Shyam Srinivasan, Analyst
Thank you. My second question is regarding the commentary on SG&A. In your press release, you mentioned one-off expenses in SG&A for both sequential and year-over-year comparisons. Can you provide details on what these are and if you could quantify or qualify them, please? Thank you.
Erez Israeli, CEO
The SG&A expenses are aimed at supporting our brands and enhancing our capabilities, particularly in the US concerning technology and digital initiatives, as well as enabling the launch of new products. We expect SG&A to increase in relation to both Horizon 1 and Horizon 2, but the primary growth will come from sales supporting these efforts. That’s why I emphasize that it’s all about the mountains we continue to commit to.
Shyam Srinivasan, Analyst
And I was just referring to just the one-off expenses, just a one-off expenses, is what I'm wondering what it is?
Parag Agarwal, CFO
Yes, approximately, it would be less than 100 basis points of sales approximately. And what is it for? I don't think we can disclose the nature of this. This is something normal to the business, but it's not likely to recur.
Shyam Srinivasan, Analyst
Got it. Thank you and all the best.
Operator, Operator
Thank you. The next question is from Saion Mukherjee from Nomura. Please go ahead.
Saion Mukherjee, Analyst
Yes. Thanks for the follow-up. Just one clarification as on the commentary on the US business when you talk about single-digit growth. What I understand is you've been talking about this even without REVLIMID before. So, let's say before REVLIMID kicked in, you were doing, let's say, $250 million a quarter, $1 billion a year. So, is that the base we should take for the next three, four years to see single-digit growth, and there will be volatility at around that due to REVLIMID. Is that what you meant?

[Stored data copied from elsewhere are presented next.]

(* Let $R$ be a commutative local ring whose maximal ideal $\mathfrak{m}$ is principal with $\mathfrak{m}^2 = 0$, and fix a generator $r$ of $\mathfrak{m}$. Let $X$ be a perfect chain complex over $R$. Then there is an isomorphism of chain complexes $X \cong P \oplus Q$, where $P$ is acyclic and $Q$ is isomorphic to a finite direct sum of complexes of the form $\Sigma^i E_j$ with $i, j \geq 0$.
   Context: Chain complexes are non-negatively graded chain complexes of $R$-modules, with differentials lowering degree. A chain complex is perfect if it consists of projective modules in each degree and $\bigoplus_i X_i$ is finitely generated. Acyclic means all homology groups vanish. For integers $i, j \geq 0$, $\Sigma^i E_j$ is the complex with $(\Sigma^i E_j)_n = R$ for $i \leq n \leq i+j$ and $0$ otherwise, with every differential $R \to R$ given by multiplication by $(-1)^i r$ (the isomorphism type does not depend on the choice of $r$). In particular $E_j = \Sigma^0 E_j$ has $R$ in degrees $0, \dots, j$ with differentials multiplication by $r$. *)

theory Defs
  imports Complex_Main "HOL-Library.Function_Algebras"
begin

definition is_ideal :: "'a::comm_ring_1 set \<Rightarrow> bool" where
  "is_ideal I \<longleftrightarrow> 0 \<in> I \<and> (\<forall>x\<in>I. \<forall>y\<in>I. x + y \<in> I) \<and> (\<forall>a. \<forall>x\<in>I. a * x \<in> I)"

definition maximal_ideal :: "'a::comm_ring_1 set \<Rightarrow> bool" where
  "maximal_ideal M \<longleftrightarrow> is_ideal M \<and> M \<noteq> UNIV \<and>
     (\<forall>J. is_ideal J \<and> M \<subseteq> J \<longrightarrow> J = M \<or> J = UNIV)"

definition linear_on :: "('a::comm_ring_1 \<Rightarrow> 'm::ab_group_add \<Rightarrow> 'm) \<Rightarrow>
    ('a \<Rightarrow> 'n::ab_group_add \<Rightarrow> 'n) \<Rightarrow> 'm set \<Rightarrow> ('m \<Rightarrow> 'n) \<Rightarrow> bool" where
  "linear_on s1 s2 S f \<longleftrightarrow> (\<forall>x\<in>S. \<forall>y\<in>S. f (x + y) = f x + f y) \<and>
     (\<forall>c. \<forall>x\<in>S. f (s1 c x) = s2 c (f x))"

definition fin_gen :: "('a::comm_ring_1 \<Rightarrow> 'm::ab_group_add \<Rightarrow> 'm) \<Rightarrow> 'm set \<Rightarrow> bool" where
  "fin_gen s M \<longleftrightarrow> (\<exists>G. finite G \<and> G \<subseteq> M \<and> module.span s G = M)"

text \<open>Projective module: a direct summand of a free module. Concretely, the canonical
  surjection from the free module on the elements of M (finitely supported functions
  M \<Rightarrow> R) onto M, f \<mapsto> sum of f(m) m, admits an R-linear section.\<close>
definition projective_mod :: "('a::comm_ring_1 \<Rightarrow> 'm::ab_group_add \<Rightarrow> 'm) \<Rightarrow> 'm set \<Rightarrow> bool" where
  "projective_mod s M \<longleftrightarrow> module.subspace s M \<and>
     (\<exists>sec :: 'm \<Rightarrow> 'm \<Rightarrow> 'a.
        linear_on s (\<lambda>c f. \<lambda>m. c * f m) M sec \<and>
        (\<forall>x\<in>M. finite {m. sec x m \<noteq> 0} \<and> {m. sec x m \<noteq> 0} \<subseteq> M \<and>
                 (\<Sum>m\<in>{m. sec x m \<noteq> 0}. s (sec x m) m) = x))"

text \<open>A non-negatively graded chain complex inside an ambient module:
  X n is the module in degree n, d n : X (n+1) \<rightarrow> X n is the differential.\<close>
definition chain_complex :: "('a::comm_ring_1 \<Rightarrow> 'm::ab_group_add \<Rightarrow> 'm) \<Rightarrow>
    (nat \<Rightarrow> 'm set) \<Rightarrow> (nat \<Rightarrow> 'm \<Rightarrow> 'm) \<Rightarrow> bool" where
  "chain_complex s X d \<longleftrightarrow> module s \<and> (\<forall>n. module.subspace s (X n)) \<and>
     (\<forall>n. \<forall>x\<in>X (Suc n). d n x \<in> X n) \<and>
     (\<forall>n. linear_on s s (X (Suc n)) (d n)) \<and>
     (\<forall>n. \<forall>x\<in>X (Suc (Suc n)). d n (d (Suc n) x) = 0)"

text \<open>Perfect: projective in each degree and the direct sum of all X n is finitely
  generated (i.e. each X n is finitely generated and almost all X n vanish).\<close>
definition perfect_complex :: "('a::comm_ring_1 \<Rightarrow> 'm::ab_group_add \<Rightarrow> 'm) \<Rightarrow>
    (nat \<Rightarrow> 'm set) \<Rightarrow> (nat \<Rightarrow> 'm \<Rightarrow> 'm) \<Rightarrow> bool" where
  "perfect_complex s X d \<longleftrightarrow> chain_complex s X d \<and> (\<forall>n. projective_mod s (X n)) \<and>
     (\<forall>n. fin_gen s (X n)) \<and> (\<exists>N. \<forall>n\<ge>N. X n = {0})"

definition cycles :: "(nat \<Rightarrow> 'm set) \<Rightarrow> (nat \<Rightarrow> 'm \<Rightarrow> 'm::zero) \<Rightarrow> nat \<Rightarrow> 'm set" where
  "cycles X d n = (if n = 0 then X 0 else {x \<in> X n. d (n - 1) x = 0})"

definition chain_acyclic :: "(nat \<Rightarrow> 'm set) \<Rightarrow> (nat \<Rightarrow> 'm \<Rightarrow> 'm::zero) \<Rightarrow> bool" where
  "chain_acyclic X d \<longleftrightarrow> (\<forall>n. cycles X d n \<subseteq> d n ` X (Suc n))"

definition subcomplex :: "('a::comm_ring_1 \<Rightarrow> 'm::ab_group_add \<Rightarrow> 'm) \<Rightarrow>
    (nat \<Rightarrow> 'm set) \<Rightarrow> (nat \<Rightarrow> 'm set) \<Rightarrow> (nat \<Rightarrow> 'm \<Rightarrow> 'm) \<Rightarrow> bool" where
  "subcomplex s P X d \<longleftrightarrow> (\<forall>n. module.subspace s (P n) \<and> P n \<subseteq> X n) \<and>
     (\<forall>n. d n ` P (Suc n) \<subseteq> P n)"

text \<open>X is the (internal) direct sum of the subcomplexes P and Q; this is the same as an
  isomorphism of chain complexes X \<cong> P \<oplus> Q (with the restricted differentials).\<close>
definition complex_direct_sum :: "('a::comm_ring_1 \<Rightarrow> 'm::ab_group_add \<Rightarrow> 'm) \<Rightarrow>
    (nat \<Rightarrow> 'm set) \<Rightarrow> (nat \<Rightarrow> 'm \<Rightarrow> 'm) \<Rightarrow> (nat \<Rightarrow> 'm set) \<Rightarrow> (nat \<Rightarrow> 'm set) \<Rightarrow> bool" where
  "complex_direct_sum s X d P Q \<longleftrightarrow> subcomplex s P X d \<and> subcomplex s Q X d \<and>
     (\<forall>n. P n \<inter> Q n = {0} \<and> {p + q | p q. p \<in> P n \<and> q \<in> Q n} = X n)"

definition chain_iso :: "('a::comm_ring_1 \<Rightarrow> 'm::ab_group_add \<Rightarrow> 'm) \<Rightarrow>
    (nat \<Rightarrow> 'm set) \<Rightarrow> (nat \<Rightarrow> 'm \<Rightarrow> 'm) \<Rightarrow>
    ('a \<Rightarrow> 'n::ab_group_add \<Rightarrow> 'n) \<Rightarrow> (nat \<Rightarrow> 'n set) \<Rightarrow> (nat \<Rightarrow> 'n \<Rightarrow> 'n) \<Rightarrow> bool" where
  "chain_iso s1 X dX s2 Y dY \<longleftrightarrow> (\<exists>\<phi> :: nat \<Rightarrow> 'm \<Rightarrow> 'n.
     (\<forall>n. bij_betw (\<phi> n) (X n) (Y n) \<and> linear_on s1 s2 (X n) (\<phi> n)) \<and>
     (\<forall>n. \<forall>x\<in>X (Suc n). \<phi> n (dX n x) = dY n (\<phi> (Suc n) x)))"

text \<open>The ambient module is R^\<nat> = (nat \<Rightarrow> 'a) with pointwise scalar multiplication.\<close>
definition fscale :: "'a::comm_ring_1 \<Rightarrow> (nat \<Rightarrow> 'a) \<Rightarrow> (nat \<Rightarrow> 'a)" where
  "fscale c f = (\<lambda>k. c * f k)"

text \<open>The direct sum of \<Sigma>^(ii k) E_(jj k) for k < N: in degree n, the k-th summand is R if
  ii k \<le> n \<le> ii k + jj k and 0 otherwise.\<close>
definition sumE_mod :: "nat \<Rightarrow> (nat \<Rightarrow> nat) \<Rightarrow> (nat \<Rightarrow> nat) \<Rightarrow> nat \<Rightarrow> (nat \<Rightarrow> 'a::comm_ring_1) set" where
  "sumE_mod N ii jj n = {f. \<forall>k. f k \<noteq> 0 \<longrightarrow> k < N \<and> ii k \<le> n \<and> n \<le> ii k + jj k}"

text \<open>Differential from degree n+1 to degree n: on the k-th summand it is multiplication by
  (-1)^(ii k) * r when both degrees lie in the range of that summand, and 0 otherwise.\<close>
definition sumE_diff :: "'a::comm_ring_1 \<Rightarrow> (nat \<Rightarrow> nat) \<Rightarrow> nat \<Rightarrow> (nat \<Rightarrow> 'a) \<Rightarrow> (nat \<Rightarrow> 'a)" where
  "sumE_diff r ii n f = (\<lambda>k. if ii k \<le> n then (-1) ^ (ii k) * r * f k else 0)"

end

theory Submission
  imports Defs
begin

text \<open>Since \<open>m\<close> is maximal with \<open>m\<^sup>2 = 0\<close>, every element outside \<open>m = (r)\<close> is a unit, and
  finitely generated projective modules have finite dual bases, whose size serves as a rank. Strands
  are split off one at a time, each lowering the total rank. If some \<open>d y\<close> is not divisible by \<open>r\<close>,
  a functional \<open>\<pi>\<close> with \<open>\<pi> (d y) = 1\<close> splits off the acyclic complex \<open>R y \<rightarrow> R (d y)\<close>. Otherwise
  the complex is minimal, \<open>d X \<subseteq> r X\<close>: start with \<open>x\<^sub>0\<close> not divisible by \<open>r\<close> in the lowest nonzero
  degree \<open>i\<close> and a functional \<open>\<Phi>\<^sub>0\<close> with \<open>\<Phi>\<^sub>0 x\<^sub>0 = 1\<close>, divide by \<open>\<plusminus>r\<close> to obtain functionals
  with \<open>\<Phi>\<^sub>l \<circ> d = \<plusminus>r \<Phi>\<^bsub>l+1\<^esub>\<close>, and follow a longest chain \<open>d x\<^bsub>l+1\<^esub> = \<plusminus>r x\<^sub>l\<close> along which
  \<open>\<Phi>\<^sub>l x\<^sub>l\<close> stays a unit. The vectors \<open>x\<^sub>l\<close> span a copy of \<open>\<Sigma>\<^sup>i E\<^sub>j\<close>, and the kernels of the
  \<open>\<Phi>\<^sub>l\<close> form a complementary subcomplex.\<close>

section \<open>The ring\<close>

locale sq_zero_principal_maximal =
  fixes mm :: "'a::comm_ring_1 set" and r :: 'a
  assumes maximal: "maximal_ideal mm"
    and principal: "mm = {r * a | a. True}"
    and sq_zero: "\<forall>x\<in>mm. \<forall>y\<in>mm. x * y = 0"
begin

lemma mem_mm_iff: "x \<in> mm \<longleftrightarrow> (\<exists>a. x = r * a)"
  using principal by auto

lemma r_mem_mm: "r \<in> mm"
  unfolding mem_mm_iff by (metis mult_1_right)

lemma zero_mem_mm: "0 \<in> mm"
  unfolding mem_mm_iff by (metis mult_zero_right)

lemma r_mult_mm: "x \<in> mm \<Longrightarrow> r * x = 0"
  using sq_zero r_mem_mm by auto

lemma add_mem_mm: "x \<in> mm \<Longrightarrow> y \<in> mm \<Longrightarrow> x + y \<in> mm"
  unfolding mem_mm_iff by (metis distrib_left)

lemma mult_mem_mm: "x \<in> mm \<Longrightarrow> y * x \<in> mm"
  unfolding mem_mm_iff by (metis mult.left_commute)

Or you're saying that on this larger base that you have used, you can grow single-digit in the US?
Erez Israeli, CEO
I believe that we can grow on the cover base over time.
Saion Mukherjee, Analyst
Okay. And just to follow-up on you talking about 30 odd product launches. How many of them do you think would be complex? And is there any improved visibility over the past year or so based on your FDA interaction, that you're more clarity on these launches next year? And basically, if you can give some color on the quality of launches versus the CRU, is it going to improve or remain the same if you can give some color on that?
Erez Israeli, CEO
If I'm not taking into account the complexity, the quality of the launches will be better. Some of them will be bigger quarters; some of them smaller. In terms of the pipeline of complex products or products that can be very big, this pipeline is going up as we speak, and we are working very hard on it. I believe that we'll have a very interesting pipeline in the next few years for complex products. I don't know exactly what will be the onset of which one of them, but it's a very interesting portfolio.
Saion Mukherjee, Analyst
Okay. Thank you. That’s helpful. Thank you.
Operator, Operator
I now hand the confidence over to Ms. Richa Periwal for closing comments.
Richa Periwal, Investor Relations
Thank you, everyone, for joining us today. If you have any follow-up questions, please reach out to the Investor Relations team. Thank you.
Operator, Operator
Thank you very much. On behalf of Dr. Reddy's Laboratories Limited that concludes this conference. Thank you for joining us. You may now disconnect your lines. Thank you.